*Your task*
State, as a bare number, how many lines below contain "symmetric".

*Task input*
(* Let $d \geq 2$ be an integer and let $Z, U$ be independent random variables with $Z \sim N(0,1)$ and $U \sim \chi^2_d$ (chi-squared with $d$ degrees of freedom). Then for all $\delta > 0$, $p > 0$ and all integers $k \geq 1$, $$\frac{1}{2}\, \mathbb{P}\left( \tfrac{1}{4} Z^2 \geq U \geq \delta^2 \right) k^{-d/p} \;\leq\; \mathbb{P}\left( \delta + \sqrt{U}\sqrt{k^{2/p} - 1} < Z \right) \;\leq\; \frac{ e^{-(1+\delta^2)/2}\, p }{ 2\delta^2 \sqrt{d} } \cdot \frac{ k^{(1-d)/p} }{ \ln k },$$ where for $k=1$ the right-hand side is interpreted as $+\infty$. *)

theory Defs
  imports "HOL-Probability.Probability"
begin

definition chi_squared_density :: "nat \<Rightarrow> real \<Rightarrow> real" where
  "chi_squared_density d u =
     (if u > 0 then u powr (real d / 2 - 1) * exp (- u / 2) / (2 powr (real d / 2) * Gamma (real d / 2))
      else 0)"

end

theory Submission
  imports Defs
begin

text \<open>Conditionally on \<open>U\<close>, the event \<open>\<delta> + c \<surd>U < Z\<close> with \<open>c = \<surd>(k\<^bsup>2/p\<^esup> - 1)\<close> has
  probability \<open>\<Phi>\<^sup>c(\<delta> + c \<surd>U)\<close>, the standard normal tail, so both bounds are one-dimensional
  integrals against the \<open>\<chi>\<^sup>2\<^sub>d\<close> density.
  For the lower bound, substituting \<open>u = v / (1 + c\<^sup>2)\<close> costs at most the factor
  \<open>(1 + c\<^sup>2)\<^bsup>-d/2\<^esup> = k\<^bsup>-d/p\<^esup>\<close> in the density and lowers the threshold to \<open>\<delta> + \<surd>v\<close>;
  by symmetry of \<open>Z\<close>, \<open>P(Z\<^sup>2/4 \<ge> U \<ge> \<delta>\<^sup>2)\<close> is at most \<open>2 P(\<delta> + \<surd>U < Z)\<close>.
  For the upper bound, Mills' ratio \<open>\<Phi>\<^sup>c(x) \<le> \<phi>(x)/x\<close> and \<open>e\<^sup>-\<^sup>y \<le> 1/(e y)\<close> applied to the
  cross term \<open>\<delta> c \<surd>u\<close> of the Gaussian exponent leave a Gamma integral; the ratio
  \<open>\<Gamma>((d-1)/2) / \<Gamma>(d/2)\<close> is controlled by log-convexity of \<open>\<Gamma>\<close>, and \<open>ln k \<le> p c\<close>.\<close>

definition std_normal_tail :: "real \<Rightarrow> ennreal" where
  "std_normal_tail a = (\<integral>\<^sup>+z\<in>{a<..}. ennreal (std_normal_density z) \<partial>lborel)"

lemma std_normal_tail_measurable [measurable]: "std_normal_tail \<in> borel_measurable borel"
proof -
  have "std_normal_tail = (\<lambda>a. \<integral>\<^sup>+z. ennreal (std_normal_density z) * (if a < z then 1 else 0) \<partial>lborel)"
    unfolding std_normal_tail_def by (intro ext nn_integral_cong) (auto simp: indicator_def)
  also have "\<dots> \<in> borel_measurable borel" by measurable
  finally show ?thesis .
qed

lemma std_normal_tail_antimono: "a \<le> b \<Longrightarrow> std_normal_tail b \<le> std_normal_tail a"
  unfolding std_normal_tail_def by (intro nn_integral_mono) (auto simp: indicator_def)

lemma std_normal_tail_reflect:
  "(\<integral>\<^sup>+z\<in>{z. a < - z}. ennreal (std_normal_density z) \<partial>lborel) = std_normal_tail a"
proof -
  have "(\<integral>\<^sup>+z\<in>{z. a < - z}. ennreal (std_normal_density z) \<partial>lborel)
      = ennreal \<bar>- 1\<bar> * (\<integral>\<^sup>+z. ennreal (std_normal_density (0 + (- 1) * z))
            * indicator {z. a < - z} (0 + (- 1) * z) \<partial>lborel)"
    by (rule nn_integral_real_affine) auto
  also have "\<dots> = std_normal_tail a"
    by (simp add: std_normal_tail_def std_normal_density_def indicator_def)
  finally show ?thesis .
qed

text \<open>Mills' ratio bound: on \<open>z > a\<close> the density is at most \<open>z/a\<close> times itself, and \<open>z\<close> times
  the density has antiderivative \<open>- std_normal_density\<close>.\<close>
lemma std_normal_tail_le_density_div:
  assumes a: "a > 0"
  shows "std_normal_tail a \<le> ennreal (std_normal_density a / a)"
proof -
  let ?N = "std_normal_density"
  have "std_normal_tail a \<le> (\<integral>\<^sup>+z. ennreal (1/a) * (ennreal (z * ?N z) * indicator {a..} z) \<partial>lborel)"
    unfolding std_normal_tail_def
  proof (intro nn_integral_mono)
    fix z :: real
    show "ennreal (?N z) * indicator {a<..} z \<le> ennreal (1/a) * (ennreal (z * ?N z) * indicator {a..} z)"
    proof (cases "a < z")
      case True
      have "?N z \<le> 1/a * (z * ?N z)"
        using True a normal_density_nonneg[of 0 1 z] by (simp add: field_simps mult_right_mono)
      then show ?thesis
        using True a normal_density_nonneg[of 0 1 z]
        by (auto simp: indicator_def ennreal_mult[symmetric] intro: ennreal_leI)
    qed simp
  qed
  also have "\<dots> = ennreal (1/a) * (\<integral>\<^sup>+z. ennreal (z * ?N z) * indicator {a..} z \<partial>lborel)"
    by (rule nn_integral_cmult) measurable
  also have "(\<integral>\<^sup>+z. ennreal (z * ?N z) * indicator {a..} z \<partial>lborel) = ennreal (0 - (- ?N a))"
  proof (rule nn_integral_FTC_atLeast)
    have "LIM x at_top. (x::real)\<^sup>2 * (1/2) :> at_top"
      by (rule filterlim_at_top_mult_tendsto_pos[OF tendsto_const])
        (auto intro: filterlim_pow_at_top filterlim_ident)
    then have "((\<lambda>x::real. exp (- (x\<^sup>2 * (1/2)))) \<longlongrightarrow> 0) at_top"
      by (rule filterlim_compose[OF exp_at_bot filterlim_compose[OF filterlim_uminus_at_bot_at_top]])
    then have "((\<lambda>x. - (1 / sqrt (2 * pi) * exp (- (x\<^sup>2 * (1/2))))) \<longlongrightarrow> - (1 / sqrt (2 * pi) * 0)) at_top"
      by (intro tendsto_minus tendsto_mult tendsto_const)
    then show "((\<lambda>x. - ?N x) \<longlongrightarrow> 0) at_top"
      by (simp add: std_normal_density_def)
    fix x :: real assume "a \<le> x"
    then show "0 \<le> x * ?N x" using a normal_density_nonneg[of 0 1 x] by simp
    show "((\<lambda>x. - ?N x) has_real_derivative x * ?N x) (at x)"
      unfolding std_normal_density_def by (auto intro!: derivative_eq_intros simp: field_simps)
  qed measurable
  also have "ennreal (1/a) * ennreal (0 - (- ?N a)) = ennreal (?N a / a)"
    using a normal_density_nonneg[of 0 1 a] by (simp add: ennreal_mult[symmetric])
  finally show ?thesis .
qed

text \<open>For \<open>u > \<delta>\<^sup>2\<close>, \<open>z\<^sup>2 \<ge> 4u\<close> forces \<open>|z| \<ge> 2\<surd>u > \<delta> + \<surd>u\<close>; both tails have the same mass.\<close>
lemma std_normal_band_le_twice_tail:
  fixes \<delta> u :: real
  assumes \<delta>: "\<delta> > 0" and u: "u \<noteq> \<delta>\<^sup>2"
  shows "(\<integral>\<^sup>+z\<in>{z. z\<^sup>2 / 4 \<ge> u \<and> u \<ge> \<delta>\<^sup>2}. ennreal (std_normal_density z) \<partial>lborel)
         \<le> 2 * std_normal_tail (\<delta> + sqrt u)"
proof (cases "u < \<delta>\<^sup>2")
  case True
  then show ?thesis by (simp add: indicator_def)
next
  case False
  with u have "\<delta>\<^sup>2 < u" by simp
  then have "\<delta> < sqrt u"
    using real_sqrt_less_mono \<delta> by fastforce
  have "{z. z\<^sup>2 / 4 \<ge> u \<and> u \<ge> \<delta>\<^sup>2} \<subseteq> {\<delta> + sqrt u<..} \<union> {z. \<delta> + sqrt u < - z}"
  proof
    fix z
    assume "z \<in> {z. z\<^sup>2 / 4 \<ge> u \<and> u \<ge> \<delta>\<^sup>2}"
    then have "sqrt (4 * u) \<le> sqrt (z\<^sup>2)" by (intro real_sqrt_le_mono) simp
    then have "2 * sqrt u \<le> \<bar>z\<bar>" by (simp add: real_sqrt_mult)
    with \<open>\<delta> < sqrt u\<close> show "z \<in> {\<delta> + sqrt u<..} \<union> {z. \<delta> + sqrt u < - z}" by auto
  qed
  then have "(\<integral>\<^sup>+z\<in>{z. z\<^sup>2 / 4 \<ge> u \<and> u \<ge> \<delta>\<^sup>2}. ennreal (std_normal_density z) \<partial>lborel)
      \<le> (\<integral>\<^sup>+z. ennreal (std_normal_density z) * indicator {\<delta> + sqrt u<..} z
           + ennreal (std_normal_density z) * indicator {z. \<delta> + sqrt u < - z} z \<partial>lborel)"
    by (intro nn_integral_mono) (auto simp: indicator_def)
  also have "\<dots> = std_normal_tail (\<delta> + sqrt u) + std_normal_tail (\<delta> + sqrt u)"
    by (subst nn_integral_add) (auto simp: std_normal_tail_def std_normal_tail_reflect)
  finally show ?thesis by (simp add: mult_2)
qed

lemma nn_integral_powr_exp_Gamma:
  fixes a b :: real
  assumes a: "a > 0" and b: "b > 0"
  shows "(\<integral>\<^sup>+u\<in>{0<..}. ennreal (u powr (a - 1) * exp (- (b * u))) \<partial>lborel)
         = ennreal (Gamma a / b powr a)"
proof -
  let ?f = "\<lambda>u::real. ennreal (u powr (a - 1) * exp (- (b * u))) * indicator {0<..} u"
  have "(\<integral>\<^sup>+u. ?f u \<partial>lborel) = \<bar>1/b\<bar> * (\<integral>\<^sup>+x. ?f (0 + 1/b * x) \<partial>lborel)"
    by (rule nn_integral_real_affine) (use b in auto)
  also have "(\<integral>\<^sup>+x. ?f (0 + 1/b * x) \<partial>lborel)
      = (\<integral>\<^sup>+x. ennreal (b powr (1 - a)) * ennreal (indicator {0..} x * x powr (a - 1) / exp x) \<partial>lborel)"
  proof (intro nn_integral_cong)
    fix x :: real
    show "?f (0 + 1/b * x) = ennreal (b powr (1 - a)) * ennreal (indicator {0..} x * x powr (a - 1) / exp x)"
    proof (cases "x > 0")
      case True
      have "(x / b) powr (a - 1) = b powr (1 - a) * x powr (a - 1)"
        using True b by (simp add: powr_divide powr_diff field_simps)
      then show ?thesis using True b
        by (simp add: ennreal_mult[symmetric] exp_minus field_simps)
    next
      case False
      then show ?thesis using b
        by (cases "x = 0") (auto simp: indicator_def zero_less_mult_iff zero_less_divide_iff)
    qed
  qed
  also have "\<dots> = ennreal (b powr (1 - a)) * (\<integral>\<^sup>+x. ennreal (indicator {0..} x * x powr (a - 1) / exp x) \<partial>lborel)"
    by (rule nn_integral_cmult) measurable
  also have "(\<integral>\<^sup>+x. ennreal (indicator {0..} x * x powr (a - 1) / exp x) \<partial>lborel) = ennreal (Gamma a)"
    using Gamma_conv_nn_integral_real[OF a] by simp
  also have "ennreal \<bar>1/b\<bar> * (ennreal (b powr (1 - a)) * ennreal (Gamma a))
      = ennreal (1/b * (b powr (1 - a) * Gamma a))"
    using b a by (simp add: ennreal_mult[symmetric] Gamma_real_pos less_imp_le)
  also have "1/b * (b powr (1 - a) * Gamma a) = Gamma a / b powr a"
    using b by (simp add: powr_diff field_simps)
  finally show ?thesis .
qed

*Task result*
4